RECORDS PROVIDED.
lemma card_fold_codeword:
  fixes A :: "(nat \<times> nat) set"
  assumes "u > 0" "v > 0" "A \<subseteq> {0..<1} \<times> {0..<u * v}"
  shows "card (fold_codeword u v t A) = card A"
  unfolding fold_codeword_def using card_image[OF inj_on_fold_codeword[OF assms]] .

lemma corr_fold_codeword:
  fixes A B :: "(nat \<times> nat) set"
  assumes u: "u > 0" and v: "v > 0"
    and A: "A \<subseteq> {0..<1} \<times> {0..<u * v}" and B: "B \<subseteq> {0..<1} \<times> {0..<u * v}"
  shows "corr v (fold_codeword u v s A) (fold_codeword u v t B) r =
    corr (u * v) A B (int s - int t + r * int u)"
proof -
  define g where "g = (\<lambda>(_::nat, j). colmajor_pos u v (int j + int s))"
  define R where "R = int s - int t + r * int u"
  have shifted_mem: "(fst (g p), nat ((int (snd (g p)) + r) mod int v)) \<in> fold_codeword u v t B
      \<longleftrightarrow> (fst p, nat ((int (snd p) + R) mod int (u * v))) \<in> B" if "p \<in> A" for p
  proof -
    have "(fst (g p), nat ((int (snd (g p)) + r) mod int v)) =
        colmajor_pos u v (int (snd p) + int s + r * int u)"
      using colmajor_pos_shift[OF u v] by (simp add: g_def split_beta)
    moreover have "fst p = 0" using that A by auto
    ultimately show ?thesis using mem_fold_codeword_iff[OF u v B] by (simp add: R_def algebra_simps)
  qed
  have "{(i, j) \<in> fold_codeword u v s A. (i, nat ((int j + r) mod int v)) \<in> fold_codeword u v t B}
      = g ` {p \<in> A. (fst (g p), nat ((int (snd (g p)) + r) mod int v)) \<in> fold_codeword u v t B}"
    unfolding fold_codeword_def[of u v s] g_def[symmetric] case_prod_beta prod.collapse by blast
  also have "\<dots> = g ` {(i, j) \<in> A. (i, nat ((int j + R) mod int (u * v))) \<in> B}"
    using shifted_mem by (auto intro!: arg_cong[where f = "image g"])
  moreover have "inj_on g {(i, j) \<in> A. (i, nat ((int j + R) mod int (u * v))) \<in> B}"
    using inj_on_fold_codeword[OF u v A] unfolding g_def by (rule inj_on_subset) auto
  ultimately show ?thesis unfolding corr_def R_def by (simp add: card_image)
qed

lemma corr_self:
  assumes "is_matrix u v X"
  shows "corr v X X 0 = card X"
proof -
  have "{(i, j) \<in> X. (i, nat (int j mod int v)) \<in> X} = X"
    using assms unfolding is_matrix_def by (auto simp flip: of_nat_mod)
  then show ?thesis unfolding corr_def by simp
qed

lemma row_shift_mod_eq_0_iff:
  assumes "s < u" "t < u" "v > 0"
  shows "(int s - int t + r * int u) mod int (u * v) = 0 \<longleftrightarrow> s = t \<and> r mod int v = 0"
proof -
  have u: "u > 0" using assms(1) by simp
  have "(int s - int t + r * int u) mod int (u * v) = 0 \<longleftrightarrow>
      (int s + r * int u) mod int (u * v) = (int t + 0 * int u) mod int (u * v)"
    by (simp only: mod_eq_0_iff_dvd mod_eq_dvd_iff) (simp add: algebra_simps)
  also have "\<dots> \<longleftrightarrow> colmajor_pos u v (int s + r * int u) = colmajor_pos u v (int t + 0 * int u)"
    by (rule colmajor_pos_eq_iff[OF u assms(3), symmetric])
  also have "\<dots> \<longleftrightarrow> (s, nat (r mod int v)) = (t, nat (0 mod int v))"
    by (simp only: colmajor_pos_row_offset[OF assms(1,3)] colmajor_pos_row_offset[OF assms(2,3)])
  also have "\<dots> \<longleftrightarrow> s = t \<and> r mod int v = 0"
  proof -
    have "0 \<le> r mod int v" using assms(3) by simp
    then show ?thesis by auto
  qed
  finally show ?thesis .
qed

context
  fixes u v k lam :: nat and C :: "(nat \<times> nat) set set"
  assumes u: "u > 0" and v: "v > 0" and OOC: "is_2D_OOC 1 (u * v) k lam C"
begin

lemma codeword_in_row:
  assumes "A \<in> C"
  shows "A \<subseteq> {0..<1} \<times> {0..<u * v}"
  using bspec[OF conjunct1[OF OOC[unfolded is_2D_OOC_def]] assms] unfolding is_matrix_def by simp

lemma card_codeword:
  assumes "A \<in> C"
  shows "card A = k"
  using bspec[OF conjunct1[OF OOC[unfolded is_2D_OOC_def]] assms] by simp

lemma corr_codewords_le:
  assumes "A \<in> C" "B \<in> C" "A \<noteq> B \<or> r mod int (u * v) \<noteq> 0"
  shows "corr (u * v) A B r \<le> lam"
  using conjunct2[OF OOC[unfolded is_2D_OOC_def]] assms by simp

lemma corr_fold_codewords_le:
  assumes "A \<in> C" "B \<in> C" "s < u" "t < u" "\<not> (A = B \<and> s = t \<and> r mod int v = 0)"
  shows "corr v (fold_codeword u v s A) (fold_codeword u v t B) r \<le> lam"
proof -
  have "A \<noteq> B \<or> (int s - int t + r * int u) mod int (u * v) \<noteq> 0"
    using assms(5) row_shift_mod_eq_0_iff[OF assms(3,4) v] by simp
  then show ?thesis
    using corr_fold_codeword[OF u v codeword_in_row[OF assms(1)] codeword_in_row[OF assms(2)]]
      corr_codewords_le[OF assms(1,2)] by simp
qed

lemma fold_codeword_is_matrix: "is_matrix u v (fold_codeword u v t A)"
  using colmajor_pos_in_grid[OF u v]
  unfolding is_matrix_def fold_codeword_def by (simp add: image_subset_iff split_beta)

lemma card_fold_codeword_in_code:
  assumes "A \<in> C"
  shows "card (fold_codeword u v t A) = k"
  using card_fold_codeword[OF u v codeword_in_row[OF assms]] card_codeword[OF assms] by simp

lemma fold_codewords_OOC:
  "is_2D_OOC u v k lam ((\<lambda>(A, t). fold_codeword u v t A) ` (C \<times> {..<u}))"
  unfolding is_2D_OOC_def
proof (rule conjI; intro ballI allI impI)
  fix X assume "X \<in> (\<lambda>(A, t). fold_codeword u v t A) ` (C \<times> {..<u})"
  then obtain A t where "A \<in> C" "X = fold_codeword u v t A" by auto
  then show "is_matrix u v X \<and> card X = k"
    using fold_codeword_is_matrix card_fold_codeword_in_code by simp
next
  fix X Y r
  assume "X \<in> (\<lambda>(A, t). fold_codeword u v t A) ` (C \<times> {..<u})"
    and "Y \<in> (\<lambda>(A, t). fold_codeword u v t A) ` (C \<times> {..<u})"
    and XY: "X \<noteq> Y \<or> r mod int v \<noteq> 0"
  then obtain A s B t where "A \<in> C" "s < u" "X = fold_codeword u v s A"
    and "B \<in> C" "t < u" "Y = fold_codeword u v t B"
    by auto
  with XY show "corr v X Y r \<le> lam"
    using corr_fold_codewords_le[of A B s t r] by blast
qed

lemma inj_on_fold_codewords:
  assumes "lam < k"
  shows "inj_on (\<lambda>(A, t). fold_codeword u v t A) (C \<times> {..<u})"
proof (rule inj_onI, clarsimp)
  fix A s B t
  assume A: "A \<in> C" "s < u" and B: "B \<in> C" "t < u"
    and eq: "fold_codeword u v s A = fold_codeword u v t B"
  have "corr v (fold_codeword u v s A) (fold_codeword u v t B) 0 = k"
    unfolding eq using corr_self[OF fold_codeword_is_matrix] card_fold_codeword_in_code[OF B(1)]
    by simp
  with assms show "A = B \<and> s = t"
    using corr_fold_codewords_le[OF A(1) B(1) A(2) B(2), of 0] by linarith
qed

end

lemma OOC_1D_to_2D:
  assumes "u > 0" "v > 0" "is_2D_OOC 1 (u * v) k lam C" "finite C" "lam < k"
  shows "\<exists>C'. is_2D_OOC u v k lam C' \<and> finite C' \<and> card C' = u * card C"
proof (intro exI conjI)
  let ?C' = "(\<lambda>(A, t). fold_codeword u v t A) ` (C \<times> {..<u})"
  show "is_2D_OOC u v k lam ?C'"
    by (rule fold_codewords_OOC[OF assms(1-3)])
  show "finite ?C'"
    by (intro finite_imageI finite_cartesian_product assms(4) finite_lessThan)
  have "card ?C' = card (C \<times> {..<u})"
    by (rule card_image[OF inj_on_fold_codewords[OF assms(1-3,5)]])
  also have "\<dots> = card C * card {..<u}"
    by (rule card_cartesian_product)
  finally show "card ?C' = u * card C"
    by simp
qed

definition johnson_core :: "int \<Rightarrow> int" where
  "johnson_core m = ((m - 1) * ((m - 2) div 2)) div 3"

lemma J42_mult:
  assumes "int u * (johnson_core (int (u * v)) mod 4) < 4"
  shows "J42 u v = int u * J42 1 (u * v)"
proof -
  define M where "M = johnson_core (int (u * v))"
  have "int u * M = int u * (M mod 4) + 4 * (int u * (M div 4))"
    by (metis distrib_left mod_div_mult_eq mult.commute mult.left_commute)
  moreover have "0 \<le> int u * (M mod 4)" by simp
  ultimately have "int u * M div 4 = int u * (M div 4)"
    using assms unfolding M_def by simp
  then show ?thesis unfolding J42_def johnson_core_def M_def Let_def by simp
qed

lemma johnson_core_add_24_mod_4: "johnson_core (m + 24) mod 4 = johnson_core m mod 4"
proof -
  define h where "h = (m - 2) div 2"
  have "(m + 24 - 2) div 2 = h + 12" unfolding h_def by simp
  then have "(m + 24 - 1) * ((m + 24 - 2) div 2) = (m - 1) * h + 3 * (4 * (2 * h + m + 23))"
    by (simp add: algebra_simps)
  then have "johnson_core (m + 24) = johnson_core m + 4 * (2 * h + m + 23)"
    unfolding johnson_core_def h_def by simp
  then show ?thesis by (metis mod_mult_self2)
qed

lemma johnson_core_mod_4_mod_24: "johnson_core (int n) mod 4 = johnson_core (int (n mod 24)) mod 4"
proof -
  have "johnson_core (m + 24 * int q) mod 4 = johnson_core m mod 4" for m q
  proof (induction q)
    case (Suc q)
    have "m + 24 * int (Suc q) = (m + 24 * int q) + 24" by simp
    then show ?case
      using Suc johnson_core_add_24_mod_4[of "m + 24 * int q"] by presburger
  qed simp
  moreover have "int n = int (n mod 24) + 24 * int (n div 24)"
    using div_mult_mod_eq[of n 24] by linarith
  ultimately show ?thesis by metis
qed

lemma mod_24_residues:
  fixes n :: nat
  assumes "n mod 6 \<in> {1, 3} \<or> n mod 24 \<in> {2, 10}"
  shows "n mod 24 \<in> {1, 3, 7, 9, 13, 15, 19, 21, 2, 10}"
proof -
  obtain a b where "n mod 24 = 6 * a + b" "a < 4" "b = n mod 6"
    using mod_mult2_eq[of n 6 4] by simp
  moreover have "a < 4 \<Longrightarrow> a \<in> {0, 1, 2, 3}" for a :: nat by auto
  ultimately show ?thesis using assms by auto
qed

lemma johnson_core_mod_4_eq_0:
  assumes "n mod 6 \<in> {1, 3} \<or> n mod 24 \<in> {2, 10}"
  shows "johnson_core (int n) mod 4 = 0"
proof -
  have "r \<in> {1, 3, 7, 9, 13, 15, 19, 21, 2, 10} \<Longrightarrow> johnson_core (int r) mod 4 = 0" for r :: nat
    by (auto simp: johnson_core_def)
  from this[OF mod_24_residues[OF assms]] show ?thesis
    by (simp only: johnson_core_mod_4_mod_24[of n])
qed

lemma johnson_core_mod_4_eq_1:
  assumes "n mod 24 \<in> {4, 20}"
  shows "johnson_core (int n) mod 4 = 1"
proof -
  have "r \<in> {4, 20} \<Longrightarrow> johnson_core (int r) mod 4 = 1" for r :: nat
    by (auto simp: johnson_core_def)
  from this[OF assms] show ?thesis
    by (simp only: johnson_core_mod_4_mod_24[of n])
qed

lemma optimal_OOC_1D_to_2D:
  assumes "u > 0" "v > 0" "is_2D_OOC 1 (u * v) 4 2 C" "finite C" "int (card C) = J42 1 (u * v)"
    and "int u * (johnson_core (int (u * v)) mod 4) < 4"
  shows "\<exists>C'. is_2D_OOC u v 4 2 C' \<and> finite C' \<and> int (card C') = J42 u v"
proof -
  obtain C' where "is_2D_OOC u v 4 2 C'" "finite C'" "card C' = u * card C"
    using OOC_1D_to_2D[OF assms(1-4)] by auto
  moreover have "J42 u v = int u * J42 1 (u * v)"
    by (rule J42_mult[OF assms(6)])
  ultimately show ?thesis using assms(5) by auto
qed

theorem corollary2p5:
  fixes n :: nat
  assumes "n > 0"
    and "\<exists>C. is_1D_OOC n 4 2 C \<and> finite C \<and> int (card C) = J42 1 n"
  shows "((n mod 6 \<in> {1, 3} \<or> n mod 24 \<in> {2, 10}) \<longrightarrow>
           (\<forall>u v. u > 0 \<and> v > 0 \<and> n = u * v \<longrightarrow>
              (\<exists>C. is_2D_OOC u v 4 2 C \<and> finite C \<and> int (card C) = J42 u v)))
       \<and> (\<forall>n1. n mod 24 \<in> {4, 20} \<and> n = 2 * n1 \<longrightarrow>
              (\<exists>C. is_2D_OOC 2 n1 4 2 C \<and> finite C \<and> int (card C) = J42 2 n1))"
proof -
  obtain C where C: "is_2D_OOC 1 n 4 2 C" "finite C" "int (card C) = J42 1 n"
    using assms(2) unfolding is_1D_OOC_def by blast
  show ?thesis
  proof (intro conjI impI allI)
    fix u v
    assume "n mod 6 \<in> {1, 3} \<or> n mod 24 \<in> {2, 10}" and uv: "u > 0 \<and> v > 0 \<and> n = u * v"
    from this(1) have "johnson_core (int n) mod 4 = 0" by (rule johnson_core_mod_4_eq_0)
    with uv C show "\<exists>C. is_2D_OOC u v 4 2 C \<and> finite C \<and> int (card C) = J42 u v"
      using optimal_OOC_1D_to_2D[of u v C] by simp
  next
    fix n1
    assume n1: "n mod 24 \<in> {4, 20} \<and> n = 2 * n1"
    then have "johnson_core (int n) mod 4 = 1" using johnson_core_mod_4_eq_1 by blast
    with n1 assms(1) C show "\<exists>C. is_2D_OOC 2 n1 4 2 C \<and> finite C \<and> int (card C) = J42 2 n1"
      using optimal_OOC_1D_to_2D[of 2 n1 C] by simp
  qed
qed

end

TASK TO COMPLETE. Set down the lines above as they stand, starting with the first line and ending with the line that contains "unfolding fold_codeword_def using".

RESULT FOR THIS TASK.
lemma card_fold_codeword:
  fixes A :: "(nat \<times> nat) set"
  assumes "u > 0" "v > 0" "A \<subseteq> {0..<1} \<times> {0..<u * v}"
  shows "card (fold_codeword u v t A) = card A"
  unfolding fold_codeword_def using card_image[OF inj_on_fold_codeword[OF assms]] .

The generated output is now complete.